Provided material:
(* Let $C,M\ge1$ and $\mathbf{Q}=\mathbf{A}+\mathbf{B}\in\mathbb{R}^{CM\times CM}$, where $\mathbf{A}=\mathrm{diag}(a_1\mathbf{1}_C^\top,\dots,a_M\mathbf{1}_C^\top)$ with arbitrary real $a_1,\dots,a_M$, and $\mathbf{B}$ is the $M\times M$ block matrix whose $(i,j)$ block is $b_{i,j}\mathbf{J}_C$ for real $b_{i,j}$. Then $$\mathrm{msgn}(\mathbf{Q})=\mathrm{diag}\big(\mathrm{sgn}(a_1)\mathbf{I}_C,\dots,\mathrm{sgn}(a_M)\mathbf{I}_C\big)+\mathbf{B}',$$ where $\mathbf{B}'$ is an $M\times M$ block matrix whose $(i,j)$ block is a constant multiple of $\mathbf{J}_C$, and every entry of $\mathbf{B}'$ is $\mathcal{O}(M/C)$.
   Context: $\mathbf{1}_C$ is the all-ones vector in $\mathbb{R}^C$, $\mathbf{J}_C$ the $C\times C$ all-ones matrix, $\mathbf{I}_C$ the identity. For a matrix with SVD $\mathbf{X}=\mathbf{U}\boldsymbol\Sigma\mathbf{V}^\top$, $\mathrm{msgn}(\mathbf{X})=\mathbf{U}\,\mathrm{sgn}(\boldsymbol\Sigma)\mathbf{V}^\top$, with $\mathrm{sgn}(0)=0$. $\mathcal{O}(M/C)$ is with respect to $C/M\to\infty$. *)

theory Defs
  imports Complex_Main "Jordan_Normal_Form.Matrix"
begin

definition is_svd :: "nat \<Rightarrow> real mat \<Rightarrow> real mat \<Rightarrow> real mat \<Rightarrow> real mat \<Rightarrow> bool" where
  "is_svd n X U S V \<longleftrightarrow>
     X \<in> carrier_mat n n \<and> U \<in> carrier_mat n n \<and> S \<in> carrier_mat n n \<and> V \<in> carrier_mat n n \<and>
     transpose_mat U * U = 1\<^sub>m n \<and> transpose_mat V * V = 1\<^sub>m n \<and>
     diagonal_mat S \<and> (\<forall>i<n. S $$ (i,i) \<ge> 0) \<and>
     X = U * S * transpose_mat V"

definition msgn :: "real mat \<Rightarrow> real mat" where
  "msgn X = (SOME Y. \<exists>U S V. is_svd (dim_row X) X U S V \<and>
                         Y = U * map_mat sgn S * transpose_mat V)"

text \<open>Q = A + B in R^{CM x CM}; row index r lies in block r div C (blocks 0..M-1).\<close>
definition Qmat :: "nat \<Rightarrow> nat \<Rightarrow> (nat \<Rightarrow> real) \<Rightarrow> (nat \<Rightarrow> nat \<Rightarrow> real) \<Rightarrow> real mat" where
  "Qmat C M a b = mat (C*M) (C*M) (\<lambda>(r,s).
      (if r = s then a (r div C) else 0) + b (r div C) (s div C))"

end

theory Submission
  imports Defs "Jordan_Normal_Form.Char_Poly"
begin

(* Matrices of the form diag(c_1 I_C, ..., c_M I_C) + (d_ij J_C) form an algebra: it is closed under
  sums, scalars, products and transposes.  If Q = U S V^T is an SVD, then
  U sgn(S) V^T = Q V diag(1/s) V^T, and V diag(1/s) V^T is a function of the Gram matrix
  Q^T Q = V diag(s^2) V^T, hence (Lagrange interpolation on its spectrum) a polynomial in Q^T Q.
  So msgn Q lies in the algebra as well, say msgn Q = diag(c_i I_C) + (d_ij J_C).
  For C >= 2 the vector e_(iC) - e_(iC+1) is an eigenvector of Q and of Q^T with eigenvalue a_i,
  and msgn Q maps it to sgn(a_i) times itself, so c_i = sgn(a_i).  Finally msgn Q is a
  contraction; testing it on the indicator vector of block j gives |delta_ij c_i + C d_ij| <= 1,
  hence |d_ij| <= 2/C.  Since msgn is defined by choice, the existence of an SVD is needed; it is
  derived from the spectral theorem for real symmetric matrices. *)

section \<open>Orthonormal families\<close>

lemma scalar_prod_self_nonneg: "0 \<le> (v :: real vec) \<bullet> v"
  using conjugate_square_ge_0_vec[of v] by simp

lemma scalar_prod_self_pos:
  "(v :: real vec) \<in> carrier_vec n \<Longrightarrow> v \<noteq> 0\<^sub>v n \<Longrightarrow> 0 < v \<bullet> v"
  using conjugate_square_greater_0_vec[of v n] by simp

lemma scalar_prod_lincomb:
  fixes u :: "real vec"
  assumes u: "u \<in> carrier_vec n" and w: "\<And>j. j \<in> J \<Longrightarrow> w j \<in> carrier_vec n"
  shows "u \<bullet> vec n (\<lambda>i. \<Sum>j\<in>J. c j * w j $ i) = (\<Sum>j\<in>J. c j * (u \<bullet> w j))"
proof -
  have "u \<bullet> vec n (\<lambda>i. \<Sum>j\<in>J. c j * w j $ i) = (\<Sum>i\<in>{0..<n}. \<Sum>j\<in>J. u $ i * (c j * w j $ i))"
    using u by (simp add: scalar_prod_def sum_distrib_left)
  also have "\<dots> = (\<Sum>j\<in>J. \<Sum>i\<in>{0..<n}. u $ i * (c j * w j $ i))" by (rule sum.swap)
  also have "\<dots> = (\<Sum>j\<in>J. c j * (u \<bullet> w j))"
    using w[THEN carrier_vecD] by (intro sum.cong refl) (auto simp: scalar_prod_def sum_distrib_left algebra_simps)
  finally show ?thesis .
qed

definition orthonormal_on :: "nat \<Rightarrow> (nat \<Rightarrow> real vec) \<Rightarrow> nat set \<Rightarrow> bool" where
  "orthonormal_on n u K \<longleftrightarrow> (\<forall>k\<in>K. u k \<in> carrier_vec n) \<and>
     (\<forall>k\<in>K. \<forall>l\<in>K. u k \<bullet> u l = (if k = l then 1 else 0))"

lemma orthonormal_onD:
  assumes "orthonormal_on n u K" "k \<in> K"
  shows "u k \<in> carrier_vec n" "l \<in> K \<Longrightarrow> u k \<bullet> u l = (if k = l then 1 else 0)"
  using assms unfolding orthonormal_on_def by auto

What to work on:
Extract every line containing the string "imports" from the material.

Task answer:
  imports Complex_Main "Jordan_Normal_Form.Matrix"
  imports Defs "Jordan_Normal_Form.Char_Poly"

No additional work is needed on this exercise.